The network interface 505 is used for network communication with other devices. Those skilled in the art will appreciate that the configuration shown in fig. 10 is a block diagram of only a portion of the configuration relevant to the present teachings and is not intended to limit the computing device 500 to which the present teachings may be applied, and that a particular computing device 500 may include more or less components than those shown, or may combine certain components, or have a different arrangement of components.

Wherein the processor 502 is configured to run the computer program 5032 stored in the memory to implement the following steps:

acquiring a video to be detected; carrying out face detection on the current frame image of the video to be detected, and judging whether the current frame image of the video to be detected has a face or not; if the current frame image of the video to be detected has a face, acquiring a face rectangular frame; performing quality evaluation on the face image corresponding to the face rectangular frame to obtain a score; judging whether the score exceeds a threshold value; if the score exceeds a threshold value, preprocessing the face image to obtain a processing result; calculating the living body reliability and the non-living body reliability according to the processing result, and determining whether the face corresponding to the face image is a living body to obtain a judgment result; tracking each face image based on a target tracking method to obtain tracking information; and comprehensively judging whether the face corresponding to the face image is a living body or not according to the tracking information and the judgment result so as to obtain a detection result.

In an embodiment, when implementing the step of performing quality evaluation on the face image corresponding to the face rectangular frame to obtain a score, the processor 502 specifically implements the following steps:

grading the face image corresponding to the face rectangular frame according to the face size, the fuzzy degree, the face posture, the face position and the face length-width ratio to obtain corresponding scores; and carrying out weighted summation according to the weight corresponding to the face size, the fuzzy degree, the face posture, the face position and the face length-width ratio and the corresponding score to obtain a score.

In an embodiment, when the processor 502 implements the steps of calculating the living body reliability and the non-living body reliability according to the processing result, and determining whether the face corresponding to the face image is a living body, so as to obtain the determination result, the following steps are specifically implemented:

inputting the processing result into a trained convolutional neural network to acquire the credibility of the living body and the credibility of the non-living body; judging whether the reliability of the living body exceeds a threshold value corresponding to the living body; if the reliability of the living body exceeds a threshold value corresponding to the living body, determining that the face corresponding to the face image is the living body to obtain a judgment result; and if the reliability of the living body does not exceed the threshold value corresponding to the living body, determining that the face corresponding to the face image is not the living body so as to obtain a judgment result.

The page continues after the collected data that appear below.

(* Let $G$ be a periodic locally nilpotent group. If $G$ contains a finite contranormal subgroup, then the $\mathcal{F}$-perfect part $\mathcal{F}(G)$ of $G$ has finite index in $G$.
   Context: A subgroup $H$ of $G$ is contranormal in $G$ if its normal closure $H^G$ equals $G$. A group is $\mathcal{F}$-perfect if it has no proper subgroup of finite index. The $\mathcal{F}$-perfect part $\mathcal{F}(G)$ of $G$ is the subgroup generated by all $\mathcal{F}$-perfect subgroups of $G$; it is itself $\mathcal{F}$-perfect and is the largest $\mathcal{F}$-perfect subgroup of $G$. *)

theory Defs
  imports "HOL-Algebra.Algebra"
begin

definition comm_subgroup :: "('a, 'b) monoid_scheme \<Rightarrow> 'a set \<Rightarrow> 'a set \<Rightarrow> 'a set" where
  "comm_subgroup G H K = generate G {h \<otimes>\<^bsub>G\<^esub> k \<otimes>\<^bsub>G\<^esub> inv\<^bsub>G\<^esub> h \<otimes>\<^bsub>G\<^esub> inv\<^bsub>G\<^esub> k | h k. h \<in> H \<and> k \<in> K}"

(* lower central series: gamma_1 = G (index 0 here), gamma_{i+1} = [gamma_i, G] *)
fun lower_central :: "('a, 'b) monoid_scheme \<Rightarrow> nat \<Rightarrow> 'a set" where
  "lower_central G 0 = carrier G"
| "lower_central G (Suc n) = comm_subgroup G (lower_central G n) (carrier G)"

definition nilpotent_group :: "('a, 'b) monoid_scheme \<Rightarrow> bool" where
  "nilpotent_group G \<longleftrightarrow> group G \<and> (\<exists>n. lower_central G n = {\<one>\<^bsub>G\<^esub>})"

definition locally_nilpotent :: "('a, 'b) monoid_scheme \<Rightarrow> bool" where
  "locally_nilpotent G \<longleftrightarrow> (\<forall>S. S \<subseteq> carrier G \<and> finite S \<longrightarrow> nilpotent_group (subgroup_generated G S))"

definition periodic_group :: "('a, 'b) monoid_scheme \<Rightarrow> bool" where
  "periodic_group G \<longleftrightarrow> (\<forall>x \<in> carrier G. \<exists>n::nat. n > 0 \<and> x [^]\<^bsub>G\<^esub> n = \<one>\<^bsub>G\<^esub>)"

definition normal_closure :: "('a, 'b) monoid_scheme \<Rightarrow> 'a set \<Rightarrow> 'a set" where
  "normal_closure G H = generate G {g \<otimes>\<^bsub>G\<^esub> h \<otimes>\<^bsub>G\<^esub> inv\<^bsub>G\<^esub> g | g h. g \<in> carrier G \<and> h \<in> H}"

definition contranormal :: "('a, 'b) monoid_scheme \<Rightarrow> 'a set \<Rightarrow> bool" where
  "contranormal G H \<longleftrightarrow> subgroup H G \<and> normal_closure G H = carrier G"

definition finite_index_in :: "('a, 'b) monoid_scheme \<Rightarrow> 'a set \<Rightarrow> 'a set \<Rightarrow> bool" where
  "finite_index_in G K H \<longleftrightarrow> finite {K #>\<^bsub>G\<^esub> h | h. h \<in> H}"

definition F_perfect :: "('a, 'b) monoid_scheme \<Rightarrow> 'a set \<Rightarrow> bool" where
  "F_perfect G H \<longleftrightarrow> subgroup H G \<and>
     (\<forall>K. subgroup K G \<and> K \<subseteq> H \<and> finite_index_in G K H \<longrightarrow> K = H)"

definition F_perfect_part :: "('a, 'b) monoid_scheme \<Rightarrow> 'a set" where
  "F_perfect_part G = generate G (\<Union>{H. F_perfect G H})"

end

(* Let N be a normal subgroup of finite index and T a finite transversal of N. The subgroup
   Q generated by T and H is nilpotent, and (N \<inter> Q)H, which corresponds to the image of H
   in G/N \<cong> Q/(N \<inter> Q), is contranormal in Q. A nilpotent group has no proper contranormal subgroup, because
   L\<gamma>\<^sub>k(G) is normal whenever L\<gamma>\<^sub>k\<^sub>-\<^sub>1(G) = G; hence (N \<inter> Q)H = Q and G = NH.
   Now take N\<^sub>0 with |H \<inter> N\<^sub>0| minimal. For any such N, G = (N\<^sub>0 \<inter> N)H and
   H \<inter> N\<^sub>0 = H \<inter> N\<^sub>0 \<inter> N force N\<^sub>0 \<subseteq> N. So N\<^sub>0 is the least normal subgroup of finite
   index; it is F-perfect, since a subgroup of finite index in N\<^sub>0 contains its normal core,
   which has finite index in G. Thus N\<^sub>0 \<subseteq> F(G) has finite index. *)

theory Submission
  imports Defs
begin

lemma mem_set_mult_iff: "x \<in> A <#>\<^bsub>G\<^esub> B \<longleftrightarrow> (\<exists>a\<in>A. \<exists>b\<in>B. x = a \<otimes>\<^bsub>G\<^esub> b)"
  unfolding set_mult_def by blast

context group begin

lemma m_inv_cancel_left [simp]: "x \<in> carrier G \<Longrightarrow> z \<in> carrier G \<Longrightarrow> x \<otimes> (inv x \<otimes> z) = z"
  by (simp add: m_assoc [symmetric])

lemma inv_m_cancel_left [simp]: "x \<in> carrier G \<Longrightarrow> z \<in> carrier G \<Longrightarrow> inv x \<otimes> (x \<otimes> z) = z"
  by (simp add: m_assoc [symmetric])

lemma set_mult_one_subset:
  assumes "\<one> \<in> B" "A \<subseteq> carrier G"
  shows "A \<subseteq> A <#> B"
proof
  fix a assume "a \<in> A"
  moreover have "a = a \<otimes> \<one>" using \<open>a \<in> A\<close> assms(2) by auto
  ultimately show "a \<in> A <#> B" using assms(1) unfolding mem_set_mult_iff by blast
qed

lemma one_set_mult_subset:
  assumes "\<one> \<in> A" "B \<subseteq> carrier G"
  shows "B \<subseteq> A <#> B"
proof
  fix b assume "b \<in> B"
  moreover have "b = \<one> \<otimes> b" using \<open>b \<in> B\<close> assms(2) by auto
  ultimately show "b \<in> A <#> B" using assms(1) unfolding mem_set_mult_iff by blast
qed

lemma rcos_eq_iff:
  assumes "subgroup N G" "x \<in> carrier G" "y \<in> carrier G"
  shows "N #> x = N #> y \<longleftrightarrow> y \<otimes> inv x \<in> N"
proof
  assume "N #> x = N #> y"
  then have "y \<in> N #> x" using rcos_self[OF assms(3,1)] by simp
  then show "y \<otimes> inv x \<in> N" by (rule subgroup.rcos_module_imp[OF assms(1) is_group assms(2)])
next
  assume "y \<otimes> inv x \<in> N"
  then have "y \<in> N #> x" by (rule subgroup.rcos_module_rev[OF assms(1) is_group assms(2,3)])
  then show "N #> x = N #> y" using repr_independence[OF _ assms(2,1)] by blast
qed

In an embodiment, when the processor 502 implements the step of tracking each face image based on the target tracking method to obtain tracking information, the following steps are specifically implemented:

In an embodiment, when the step of tracking each face image by using the face rectangular frame and the single-target tracking algorithm to obtain tracking information is implemented by the processor 502, the following steps are specifically implemented:

traversing tracking tracks corresponding to all face images according to the face rectangular frame; judging whether the tracking track can be matched with a new face; if the tracking track can not be matched with a new face, accumulating time, and if the tracking track can not be matched with the new face within the specified time, deleting the tracking track; if the tracking track can be matched with a new face, setting an ID number for the new face; and updating the tracking track to obtain tracking information.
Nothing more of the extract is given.